Хотя мы не знали, на сколько дней нам хватит этой воды, оснований для паники не было. Дело в том, что подводная лодка всегда обильно потеет: на борту температура 20-22°С, а за бортом — минус 4°. Если бы вода в цистерне кончилась, нам достаточно было промокать тряпками запотевшие поверхности, а потом выжимать их в ту же миску. Так что водой я никого не ограничивал — пили, сколько хотели.

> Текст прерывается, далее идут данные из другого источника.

lemma base_nontrivial_minimal_generators:
  assumes "finite X"
  shows "implicational_base X \<phi> nontrivial_minimal_generators"
  unfolding implicational_base_iff_closed_under
proof (intro conjI allI impI)
  show "impl_on X nontrivial_minimal_generators"
    unfolding impl_on_def nontrivial_minimal_generators_def
    by (auto dest: minimal_generator_subset minimal_generator_mem)
  fix S assume S: "S \<subseteq> X"
  show "closed_under nontrivial_minimal_generators S \<longleftrightarrow> \<phi> S = S"
  proof
    assume closed: "closed_under nontrivial_minimal_generators S"
    have "b \<in> S" if "b \<in> \<phi> S" for b
    proof -
      obtain A where "A \<subseteq> S" "minimal_generator X \<phi> A b"
        using minimal_generator_exists[OF finite_subset[OF S assms] S \<open>b \<in> \<phi> S\<close>] by blast
      then show "b \<in> S"
        using closed_underD[OF closed, of A b] unfolding nontrivial_minimal_generators_def by auto
    qed
    then show "\<phi> S = S"
      using closure_extensive[OF S] by auto
  next
    assume closed: "\<phi> S = S"
    have "b \<in> S" if "minimal_generator X \<phi> A b" "A \<subseteq> S" for A b
      using closure_mono[of A S] minimal_generator_generates[OF that(1)] that(2) S closed by auto
    then show "closed_under nontrivial_minimal_generators S"
      unfolding closed_under_def nontrivial_minimal_generators_def by auto
  qed
qed

lemma critical_base_exists:
  assumes "finite X"
  shows "\<exists>\<Sigma>. is_critical_base X \<phi> \<Sigma>"
proof -
  let ?M = nontrivial_minimal_generators
  have "?M \<subseteq> Pow X \<times> X"
    unfolding nontrivial_minimal_generators_def
    using minimal_generator_subset minimal_generator_mem by blast
  then have "finite ?M"
    using assms by (meson finite_Pow_iff finite_SigmaI finite_subset)
  then obtain \<Sigma> where \<Sigma>: "\<Sigma> \<subseteq> ?M" "implicational_base X \<phi> \<Sigma>"
    and min: "\<forall>\<Sigma>'. \<Sigma>' \<subseteq> ?M \<and> implicational_base X \<phi> \<Sigma>' \<longrightarrow> \<Sigma>' \<subseteq> \<Sigma> \<longrightarrow> \<Sigma> = \<Sigma>'"
    using finite_has_minimal2[of "{\<Sigma>. \<Sigma> \<subseteq> ?M \<and> implicational_base X \<phi> \<Sigma>}" ?M]
      base_nontrivial_minimal_generators[OF assms] by auto
  have "irredundant X \<Sigma>"
    unfolding irredundant_def
  proof (intro ballI notI)
    fix i assume "i \<in> \<Sigma>" and "closed_sets_impl X (\<Sigma> - {i}) = closed_sets_impl X \<Sigma>"
    then have "implicational_base X \<phi> (\<Sigma> - {i})"
      using \<Sigma>(2) unfolding implicational_base_def impl_on_def by auto
    with min \<Sigma>(1) \<open>i \<in> \<Sigma>\<close> show False
      by blast
  qed
  with \<Sigma> show ?thesis
    unfolding is_critical_base_def nontrivial_minimal_generators_def by blast
qed
lemma accept_first_in: "accept_first t ps \<in> insert 1 (set ps)"
  by (induction ps) auto

lemma accept_first_ge_threshold: "\<exists>x\<in>set ps. t \<le> x \<Longrightarrow> t \<le> accept_first t ps"
  by (induction ps) auto

lemma accept_first_eq_1: "\<forall>x\<in>set ps. x < t \<Longrightarrow> accept_first t ps = 1"
  by (induction ps) auto

lemma borel_measurable_accept_first:
  assumes [measurable]: "t \<in> borel_measurable M"
    and "\<forall>i\<in>set xs. (\<lambda>\<omega>. P \<omega> i) \<in> borel_measurable M"
  shows "(\<lambda>\<omega>. accept_first (t \<omega>) (map (P \<omega>) xs)) \<in> borel_measurable M"
  using assms(2)
proof (induction xs)
  case (Cons i xs)
  then have [measurable]: "(\<lambda>\<omega>. accept_first (t \<omega>) (map (P \<omega>) xs)) \<in> borel_measurable M"
    and [measurable]: "(\<lambda>\<omega>. P \<omega> i) \<in> borel_measurable M"
    by auto
  show ?case by simp measurable
qed simp

lemma borel_measurable_A1:
  assumes "Y \<in> borel_measurable M" and "\<forall>i\<in>set xs. (\<lambda>\<omega>. P \<omega> i) \<in> borel_measurable M"
  shows "(\<lambda>\<omega>. A1 \<theta> r (map (P \<omega>) xs) (Y \<omega>)) \<in> borel_measurable M"
  unfolding A1_def
proof (rule borel_measurable_accept_first)
  show "(\<lambda>\<omega>. Phi1 \<theta> r (Y \<omega>)) \<in> borel_measurable M"
    using assms(1) unfolding Phi1_def varphi_def by measurable
qed (fact assms(2))

lemma (in prob_space) ratio_of_expectations_ge:
  fixes X A Z :: "'a \<Rightarrow> real"
  assumes X: "integrable M X" and A: "integrable M A" and Z: "integrable M Z"
    and X_pos: "0 < expectation X"
    and lin: "AE \<omega> in M. c * X \<omega> \<le> A \<omega>"
    and aff: "AE \<omega> in M. d * X \<omega> - b * Z \<omega> \<le> A \<omega>"
  shows "max c (d - b * expectation Z / expectation X) \<le> expectation A / expectation X"
proof -
  have "expectation (\<lambda>\<omega>. c * X \<omega>) \<le> expectation A"
    by (rule integral_mono_AE) (use X A lin in auto)
  moreover have "expectation (\<lambda>\<omega>. d * X \<omega> - b * Z \<omega>) \<le> expectation A"
    by (rule integral_mono_AE) (use X A Z aff in auto)
  ultimately have "c * expectation X \<le> expectation A"
    and "d * expectation X - b * expectation Z \<le> expectation A"
    using X Z by simp_all
  moreover have "(d - b * expectation Z / expectation X) * expectation X
      = d * expectation X - b * expectation Z"
    using X_pos by (simp add: field_simps)
  ultimately show ?thesis
    using X_pos by (simp add: pos_le_divide_eq)
qed

locale one_max_parameters =
  fixes \<theta> r :: real
  assumes r_pos: "0 < r" and r_theta_gt_1: "1 < r * \<theta>" and r_sq_theta_le_1: "r^2 * \<theta> \<le> 1"
begin

definition slope :: real where
  "slope = (1 - r^2*\<theta>) / ((1 - r) * (r*\<theta>))"

definition beta :: real where
  "beta = (1 - r^2*\<theta>)/(r*\<theta>) * max (1/(1 - r)) (1/(r*\<theta> - 1))"

lemma r_less_1: "r < 1"
proof -
  have "r * (r*\<theta>) < 1 * (r*\<theta>)"
    using r_sq_theta_le_1 r_theta_gt_1 by (simp add: power2_eq_square)
  then show ?thesis
    by (rule mult_right_less_imp_less) (use r_theta_gt_1 in simp)
qed

lemma theta_pos: "0 < \<theta>"
  using r_pos r_theta_gt_1 by (smt (verit) mult_nonneg_nonpos)

lemma slope_nonneg: "0 \<le> slope"
  using r_less_1 r_theta_gt_1 r_sq_theta_le_1 by (simp add: slope_def)

lemma slope_mult_r_theta_eq: "slope * (r*\<theta>) = (1 - r^2*\<theta>) / (1 - r)"
  using r_pos theta_pos by (simp add: slope_def)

С пищей было сложнее. Разумеется, и десятый отсек имел неприкосновенный запас. Но в плавании многим здоровым матросам еды не хватало или просто хотелось вкусного, так что в наличии части НЗ не оказалось. Мы нашли три пятисотграммовые пачки сахара, три банки сгущенки, три банки квашеной капусты, две упаковки макарон человек на десять каждая, три трехлитровых банки сливочного масла не первой свежести и в неограниченном количестве соль. Не так много на двенадцать человек на пятнадцать дней! Но тогда мы еще не думали о том, сколько же времени нам придется провести в этой мышеловке.
С продуктами поступили так: утром каждый получал свою дневную порцию — прямо скажем, более чем скромную, — и дальше делал с ней, что хотел. Некоторые съедали сразу, другие растягивали на весь день. Правда, и у хороших едоков особого аппетита все эти дни не было.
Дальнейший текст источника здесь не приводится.